Uncategorized

Ini 3 Ketentuan Pelaksanaan Nazar yang Perlu Diketahui

Pada kesempatan sebelumnya kita telah mengetahui pemahaman sederhana tentang nazar. Meski memang diutarakan untuk mencapai keinginan tertentu, nazar sejatinya juga merupakan bentuk mendekatkan diri pada Allah SWT. Meski pun begitu, kita juga perlu mengetahui tentang ketentuan apa saja yang perlu diperhatikan saat hendak melakukan nazar. Berikut penjelasan singkatnya.

Perkara yang dinazarkan hendaknya merupakan perkara sunnah atau fardhu kifayah

Tidak sah bagi seseorang melakukan nazar terhadap perkara yang memiliki hukum mubah, fardhu, dan juga haram. Perkara mubah bisa saja ditinggalkan dan yang fardhu sudah merupakan kewajiban bagi kita untuk melakukannya. Sementara perkara haram sangat jelas untuk tidak boleh dilakukan. Oleh karena itu, nazar hanya berlaku pada perkara yang sunnah sehingga menjadi bernilai wajib pelaksanaannya.

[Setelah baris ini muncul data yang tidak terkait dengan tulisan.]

definition supnormD :: "'n \<Rightarrow> real \<Rightarrow> real \<Rightarrow> real \<Rightarrow> ((complex^'n) \<times> (complex^'n) \<Rightarrow> complex) \<Rightarrow> ereal" where
  "supnormD k L r \<sigma> f = (SUP z\<in>dom_D k L r \<sigma>. ereal (cmod (f z)))"

definition mu_norm :: "int^'n \<Rightarrow> int" where
  "mu_norm \<mu> = Max (range (\<lambda>i. \<bar>\<mu> $ i\<bar>))"

text \<open>|N| = sup of |mu| over N (taken to be 0 for empty N).\<close>
definition set_norm :: "(int^'n) set \<Rightarrow> int" where
  "set_norm N = Max (insert 0 (mu_norm ` N))"

definition cdot :: "complex^'n \<Rightarrow> int^'n \<Rightarrow> complex" where
  "cdot x \<mu> = (\<Sum>i\<in>UNIV. x $ i * of_int (\<mu> $ i))"

definition fourier :: "(int^'n) set \<Rightarrow> (int^'n \<Rightarrow> complex^'n \<Rightarrow> complex) \<Rightarrow> (complex^'n) \<times> (complex^'n) \<Rightarrow> complex" where
  "fourier N fc = (\<lambda>(I, phi). \<Sum>\<mu>\<in>N. fc \<mu> I * exp (\<i> * cdot phi \<mu>))"

definition Qop :: "'n \<Rightarrow> (int^'n) set \<Rightarrow> (int^'n \<Rightarrow> complex^'n \<Rightarrow> complex) \<Rightarrow> (complex^'n) \<times> (complex^'n) \<Rightarrow> complex" where
  "Qop k N fc = (\<lambda>(I, phi). - \<i> * (\<Sum>\<mu>\<in>{\<mu>\<in>N. \<mu> $ k \<noteq> 0}. fc \<mu> I / cdot I \<mu> * exp (\<i> * cdot phi \<mu>)))"

end

theory Submission
  imports Defs
begin

text \<open>Averaging f over the M^n grid of angles (2\<pi>j/M)_j, shifted by a fixed vector w,
  recovers each coefficient f_\<mu>(I) exactly once M exceeds the spread of the frequencies in N.
  With a real shift this writes f_\<mu> as a finite combination of slices of f, so f_\<mu> is
  holomorphic in I; with the shift -\<i>t sgn \<mu>_j it gives the Cauchy estimate
  |f_\<mu>(I)| \<le> \<parallel>f\<parallel>_\<sigma> e^{-t|\<mu>|_1} for t < \<sigma>. Since r|N|n < 1/2 and \<mu>_k \<noteq> 0, the divisor
  satisfies |I\<cdot>\<mu>| > L/2, and summing e^{-(t-\<sigma>')|\<mu>|_1} over the box |\<mu>_j| \<le> |N| gives
  the factor (4/(\<sigma>-\<sigma>'))^n.\<close>

lemma vec_set_eq_image_PiE:
  "{v::'a^'n::finite. \<forall>i. v$i \<in> A} = vec_lambda ` PiE UNIV (\<lambda>_. A)"
proof
  show "{v::'a^'n. \<forall>i. v$i \<in> A} \<subseteq> vec_lambda ` PiE UNIV (\<lambda>_. A)"
  proof
    fix v :: "'a^'n" assume "v \<in> {v. \<forall>i. v$i \<in> A}"
    then have "vec_nth v \<in> PiE UNIV (\<lambda>_. A)" by auto
    then show "v \<in> vec_lambda ` PiE UNIV (\<lambda>_. A)" by (metis image_eqI vec_nth_inverse)
  qed
qed auto

lemma finite_vec_set: "finite A \<Longrightarrow> finite {v::'a^'n::finite. \<forall>i. v$i \<in> A}"
  unfolding vec_set_eq_image_PiE by (intro finite_imageI finite_PiE) auto

lemma card_vec_set: "card {v::'a^'n::finite. \<forall>i. v$i \<in> A} = card A ^ CARD('n)"
proof -
  have "card {v::'a^'n. \<forall>i. v$i \<in> A} = card (PiE (UNIV::'n set) (\<lambda>_. A))"
    unfolding vec_set_eq_image_PiE by (intro card_image inj_onI) (auto simp: vec_lambda_inject)
  then show ?thesis by (simp add: card_PiE)
qed

lemma prod_sum_eq_sum_vec_set:
  fixes g :: "'n::finite \<Rightarrow> 'a \<Rightarrow> 'c::comm_semiring_1"
  assumes "finite A"
  shows "(\<Prod>i\<in>UNIV. \<Sum>a\<in>A. g i a) = (\<Sum>v\<in>{v::'a^'n. \<forall>i. v$i \<in> A}. \<Prod>i\<in>UNIV. g i (v$i))"
proof -
  have "(\<Prod>i\<in>UNIV. \<Sum>a\<in>A. g i a) = (\<Sum>h\<in>PiE UNIV (\<lambda>_. A). \<Prod>i\<in>UNIV. g i (h i))"
    by (rule prod_sum_PiE) (use assms in auto)
  also have "\<dots> = (\<Sum>v\<in>vec_lambda ` PiE UNIV (\<lambda>_. A). \<Prod>i\<in>UNIV. g i (v$i))"
    by (subst sum.reindex) (auto intro: inj_onI simp: vec_lambda_inject)
  finally show ?thesis unfolding vec_set_eq_image_PiE .
qed

lemma sum_roots_of_unity_power:
  fixes d :: int and M :: nat
  assumes "\<bar>d\<bar> < int M"
  shows "(\<Sum>x\<in>{0..<int M}. exp (\<i> * complex_of_real (2*pi*real_of_int x / real M) * of_int d))
    = (if d = 0 then of_nat M else 0)"
proof (cases "d = 0")
  case False
  define w where "w = exp (\<i> * complex_of_real (2*pi*real_of_int d / real M))"
  have M0: "M > 0" using assms by auto
  have w_power: "w ^ m = exp (of_nat m * (\<i> * complex_of_real (2*pi*real_of_int d / real M)))" for m
    unfolding w_def by (rule exp_of_nat_mult[symmetric])
  have "(\<Sum>x\<in>{0..<int M}. exp (\<i> * complex_of_real (2*pi*real_of_int x / real M) * of_int d))
      = (\<Sum>x\<in>{0..<int M}. w ^ nat x)"
    by (intro sum.cong refl) (auto simp: w_power field_simps)
  also have "\<dots> = (\<Sum>x<M. w ^ x)"
    by (rule sum.reindex_bij_witness[where i=int and j=nat]) auto
  also have "w \<noteq> 1"
  proof
    assume "w = 1"
    then obtain m :: int where "2*pi*real_of_int d / real M = 2 * pi * of_int m"
      unfolding w_def exp_eq_1 by auto
    then have "real_of_int d = real M * of_int m" using M0 by (simp add: field_simps)
    then have "d = int M * m" by (metis of_int_eq_iff of_int_mult of_int_of_nat_eq)
    with False assms show False by (cases "m = 0") (auto simp: abs_mult mult_le_cancel_left1)
  qed
  then have "(\<Sum>x<M. w ^ x) = (1 - w^M) / (1 - w)" by (simp add: sum_gp_strict)
  also have "w ^ M = 1"
    unfolding w_power using M0 by (simp add: exp_eq_1 field_simps)
  finally show ?thesis using False by simp
qed simp

definition angle_grid :: "nat \<Rightarrow> (int^'n) set" where
  "angle_grid M = {j. \<forall>i. j$i \<in> {0..<int M}}"

definition grid_point :: "nat \<Rightarrow> complex^'n \<Rightarrow> int^'n \<Rightarrow> complex^'n" where
  "grid_point M w j = (\<chi> i. complex_of_real (2*pi*real_of_int (j$i) / real M) + w$i)"

definition grid_coeff ::
  "nat \<Rightarrow> complex^'n \<Rightarrow> ((complex^'n) \<times> (complex^'n) \<Rightarrow> complex) \<Rightarrow> int^'n \<Rightarrow> complex^'n \<Rightarrow> complex"
  where "grid_coeff M w f \<mu> I = (\<Sum>j\<in>angle_grid M.
           f (I, grid_point M w j) * exp (- (\<i> * cdot (grid_point M w j) \<mu>))) / of_nat M ^ CARD('n)"

lemma finite_angle_grid: "finite (angle_grid M :: (int^'n::finite) set)"
  unfolding angle_grid_def by (rule finite_vec_set) simp

lemma card_angle_grid: "card (angle_grid M :: (int^'n::finite) set) = M ^ CARD('n)"
  unfolding angle_grid_def card_vec_set by simp

lemma cdot_add: "cdot (x + y) \<mu> = cdot x \<mu> + cdot y \<mu>"
  unfolding cdot_def by (simp add: algebra_simps sum.distrib)

lemma cdot_scaleR: "cdot (c *\<^sub>R x) \<mu> = c *\<^sub>R cdot x \<mu>"
  unfolding cdot_def by (simp add: scaleR_sum_right)

lemma cdot_cmult: "cdot (\<chi> i. c * x $ i) \<mu> = c * cdot x \<mu>"
  unfolding cdot_def by (simp add: sum_distrib_left algebra_simps)

lemma cdot_diff_right: "cdot x (\<nu> - \<mu>) = cdot x \<nu> - cdot x \<mu>"
  unfolding cdot_def by (simp add: sum_subtractf algebra_simps)

lemma sum_angle_grid_exp_cdot:
  fixes d :: "int^'n::finite"
  assumes "\<forall>i. \<bar>d$i\<bar> < int M"
  shows "(\<Sum>j\<in>angle_grid M. exp (\<i> * cdot (grid_point M w j) d))
    = (if d = 0 then of_nat M ^ CARD('n) else 0)"
proof -
  define g where "g i x = exp (\<i> * w$i * of_int (d$i))
    * exp (\<i> * complex_of_real (2*pi*real_of_int x / real M) * of_int (d$i))" for i x
  have factor: "exp (\<i> * cdot (grid_point M w j) d) = (\<Prod>i\<in>UNIV. g i (j$i))" for j
    unfolding cdot_def sum_distrib_left exp_sum[OF finite]
    by (intro prod.cong refl) (simp add: g_def grid_point_def exp_add[symmetric] algebra_simps)
  have "(\<Sum>j\<in>angle_grid M. exp (\<i> * cdot (grid_point M w j) d)) = (\<Prod>i\<in>UNIV. \<Sum>x\<in>{0..<int M}. g i x)"
    unfolding factor angle_grid_def by (rule prod_sum_eq_sum_vec_set[symmetric]) simp
  also have "\<dots> = (\<Prod>i\<in>UNIV. exp (\<i> * w$i * of_int (d$i)) * (if d$i = 0 then of_nat M else 0))"
    unfolding g_def sum_distrib_left[symmetric]
    by (intro prod.cong refl, subst sum_roots_of_unity_power) (use assms in auto)
  also have "\<dots> = (if d = 0 then of_nat M ^ CARD('n) else 0)"
  proof (cases "d = 0")
    case False
    then obtain i where "d$i \<noteq> 0" by (metis vec_eq_iff zero_index)
    then show ?thesis using False by (intro trans[OF prod_zero]) auto
  qed simp
  finally show ?thesis .
qed

lemma set_norm_nonneg: "finite N \<Longrightarrow> set_norm N \<ge> 0"
  unfolding set_norm_def by (intro Max_ge) auto

lemma abs_nth_le_set_norm:
  assumes "finite N" "\<mu> \<in> N"
  shows "\<bar>\<mu> $ i\<bar> \<le> set_norm N"
proof -
  have "\<bar>\<mu> $ i\<bar> \<le> mu_norm \<mu>" unfolding mu_norm_def by (rule Max_ge) auto
  also have "\<dots> \<le> set_norm N" unfolding set_norm_def using assms by (intro Max_ge) auto
  finally show ?thesis .
qed

lemma fourier_coeff_eq_grid_coeff:
  fixes N :: "(int^'n::finite) set"
  assumes "finite N" "\<mu> \<in> N" "2 * set_norm N < int M"
  shows "fc \<mu> I = grid_coeff M w (fourier N fc) \<mu> I"
proof -
  have spread: "\<bar>\<nu>$i - \<mu>$i\<bar> < int M" if "\<nu> \<in> N" for \<nu> i
    using abs_nth_le_set_norm[OF assms(1) that, of i] abs_nth_le_set_norm[OF assms(1,2), of i] assms(3)
    by linarith
  have "M > 0" using assms(3) set_norm_nonneg[OF assms(1)] by linarith
  have "(\<Sum>j\<in>angle_grid M. fourier N fc (I, grid_point M w j) * exp (- (\<i> * cdot (grid_point M w j) \<mu>)))
      = (\<Sum>j\<in>angle_grid M. \<Sum>\<nu>\<in>N. fc \<nu> I * exp (\<i> * cdot (grid_point M w j) (\<nu> - \<mu>)))"
    unfolding fourier_def cdot_diff_right
    by (intro sum.cong refl) (simp add: sum_distrib_right mult.assoc right_diff_distrib exp_diff exp_minus divide_inverse)
  also have "\<dots> = (\<Sum>\<nu>\<in>N. fc \<nu> I * (\<Sum>j\<in>angle_grid M. exp (\<i> * cdot (grid_point M w j) (\<nu> - \<mu>))))"
    by (subst sum.swap) (simp add: sum_distrib_left)
  also have "\<dots> = (\<Sum>\<nu>\<in>N. if \<nu> = \<mu> then fc \<mu> I * of_nat M ^ CARD('n) else 0)"
    by (intro sum.cong refl, subst sum_angle_grid_exp_cdot) (use spread in auto)
  also have "\<dots> = fc \<mu> I * of_nat M ^ CARD('n)" using assms by simp
  finally show ?thesis unfolding grid_coeff_def using \<open>M > 0\<close> by simp
qed


definition holo_at :: "((complex^'n) \<times> (complex^'n) \<Rightarrow> complex) \<Rightarrow> (complex^'n) \<times> (complex^'n) \<Rightarrow> bool"
  where "holo_at f z \<longleftrightarrow> (\<exists>D. (f has_derivative D) (at z) \<and> cplx_linear2 D)"

lemma analytic2_on_iff_holo_at: "analytic2_on f S \<longleftrightarrow> (\<forall>z\<in>S. holo_at f z)"
  unfolding analytic2_on_def holo_at_def ..

lemma holo_at_linear:
  "linear D \<Longrightarrow> (\<And>c I phi. D ((\<chi> i. c * I $ i), (\<chi> i. c * phi $ i)) = c * D (I, phi)) \<Longrightarrow> holo_at D z"
  unfolding holo_at_def cplx_linear2_def by (auto intro: linear_imp_has_derivative)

Lafaz nazar harus mengandung sebuah kepastian

Kepastian dalam hal ini dimaksudkan agar seseorang mampu menyanggupi untuk memenuhi janjinya. Sebagai contoh, “Apabila saya naik pangkat maka saya akan berinfak pada anak yatim”. Akan sangat dilarang jika nazar yang terucap tidak pasti seperti “Apabila saya naik pangkat maka kemungkinan saya akan berinfak pada anak yatim”. Hal yang tidak pasti seperti ini tidaklah masuk ke dalam kategori nazar.

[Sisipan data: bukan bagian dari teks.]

lemma eval_commutator:
  assumes "validw n u" "validw n w" "valid n (fst x)" "valid n (fst y)"
  shows "\<Phi> r (u @ x # y # w) - lsign n x y * \<Phi> r (u @ y # x # w)
    = \<Phi> r (u @ lbracket n x y # w) + lcentral n x y * \<Phi> r (u @ w)"
  using assms
proof (induction "length u + length w" arbitrary: u w x y r rule: less_induct)
  case less
  show ?case
  proof (cases u)
    case Nil
    then show ?thesis using eval_commutator_front less.prems by simp
  next
    case (Cons z u')
    have vz: "valid n (fst z)" and vu': "validw n u'" using less.prems Cons by auto
    show ?thesis
    proof (cases "snd z < 0")
      case True
      then show ?thesis using less.hyps[of u' w] less.prems Cons vu' by simp
    next
      case False
      let ?s = "lsign n x y" and ?c = "lcentral n x y"
      have split: "\<Phi> r (u @ w') = wsum (\<lambda>v. \<Phi> r (v @ w')) (commute_through n z u')
          + word_sign n z u' * wsum (\<lambda>v. \<Phi> r (u' @ v)) (commute_through n z w')" for w'
        unfolding Cons append_Cons eval_nonneg[OF False] wsum_commute_through_append ..
      have "wsum (\<lambda>v. \<Phi> r (v @ x # y # w) - ?s * \<Phi> r (v @ y # x # w)) (commute_through n z u')
          = wsum (\<lambda>v. \<Phi> r (v @ lbracket n x y # w) + ?c * \<Phi> r (v @ w)) (commute_through n z u')"
        by (rule wsum_commute_through_cong[OF vz vu']) (use less Cons in simp)
      moreover have "wsum (\<lambda>v. \<Phi> r (u' @ v)) (commute_through n z (x # y # w))
          - ?s * wsum (\<lambda>v. \<Phi> r (u' @ v)) (commute_through n z (y # x # w))
          = wsum (\<lambda>v. \<Phi> r (u' @ v)) (commute_through n z (lbracket n x y # w))
            + ?c * wsum (\<lambda>v. \<Phi> r (u' @ v)) (commute_through n z w)"
        by (rule wsum_commute_through_commutator_hit) (use less Cons vz vu' in auto)
      ultimately show ?thesis
        unfolding split[of "x # y # w"] split[of "y # x # w"] split[of "lbracket n x y # w"] split[of w]
        by (simp add: algebra_simps)
    qed
  qed
qed

end

section \<open>The left ideal\<close>

definition lin_ext :: "(word \<Rightarrow> complex) \<Rightarrow> falg \<Rightarrow> complex" where
  "lin_ext F a = (\<Sum>u | a u \<noteq> 0. a u * F u)"

definition vanishes_on :: "(word \<Rightarrow> complex) \<Rightarrow> falg \<Rightarrow> bool" where
  "vanishes_on F a \<longleftrightarrow> finite {u. a u \<noteq> 0} \<and> lin_ext F a = 0"

lemma lin_ext_eq_sum: "finite S \<Longrightarrow> {u. a u \<noteq> 0} \<subseteq> S \<Longrightarrow> lin_ext F a = (\<Sum>u\<in>S. a u * F u)"
  unfolding lin_ext_def by (rule sum.mono_neutral_left) auto

lemma finite_support_fadd: "finite {u. a u \<noteq> 0} \<Longrightarrow> finite {u. b u \<noteq> 0} \<Longrightarrow> finite {u. fadd a b u \<noteq> 0}"
  and finite_support_fsub: "finite {u. a u \<noteq> 0} \<Longrightarrow> finite {u. b u \<noteq> 0} \<Longrightarrow> finite {u. fsub a b u \<noteq> 0}"
  by (auto simp: fadd_def fsub_def intro: finite_subset[of _ "{u. a u \<noteq> 0} \<union> {u. b u \<noteq> 0}"])

lemma finite_support_fscale: "finite {u. a u \<noteq> 0} \<Longrightarrow> finite {u. fscale c a u \<noteq> 0}"
  by (auto simp: fscale_def intro: finite_subset[of _ "{u. a u \<noteq> 0}"])

lemma finite_support_mono: "finite {u. mono w u \<noteq> 0}"
  by (auto simp: mono_def intro: finite_subset[of _ "{w}"])

lemma lin_ext_fadd:
  assumes "finite {u. a u \<noteq> 0}" "finite {u. b u \<noteq> 0}"
  shows "lin_ext F (fadd a b) = lin_ext F a + lin_ext F b"
proof -
  let ?S = "{u. a u \<noteq> 0} \<union> {u. b u \<noteq> 0}"
  have "lin_ext F (fadd a b) = (\<Sum>u\<in>?S. a u * F u) + (\<Sum>u\<in>?S. b u * F u)"
    using assms by (subst lin_ext_eq_sum[of ?S]) (auto simp: fadd_def sum.distrib algebra_simps)
  then show ?thesis using assms by (simp add: lin_ext_eq_sum[of ?S])
qed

Perbedaan aturan antara penyebutan perkara nazar secara umum dan tertentu

Ada 2 cara menyebutkan perkara nazar yakni secara umum dan tertentu. Contoh perkara nazar secara umum adalah “Apabila saya naik pangkat saya akan berinfak pada anak yatim”. Perkara seperti ini tidak memberatkan seseorang terhadap jumlah yatim dan besaran nilai yang diinfakkan. Meskipun hanya ada satu anak yatim yang diinfakkan dengan uang Rp. 25.000,00 saja itu sudah cukup memenuhi nazar.

Kelak, akan berbeda jika penyebutannya dilakukan secara tertentu. Sebagai contoh, “Apabila saya naik pangkat maka saya akan berinfak pada 3 anak yatim sejumlah Rp. 750.000,00”. Pada lafaz nazar tadi disebutkan besaran jumlah baik yatim maupun nilai infaknya. Maka wajib bagi seseorang untuk memenuhi nazar sesuai dengan perkara yang telah disebutkan tadi.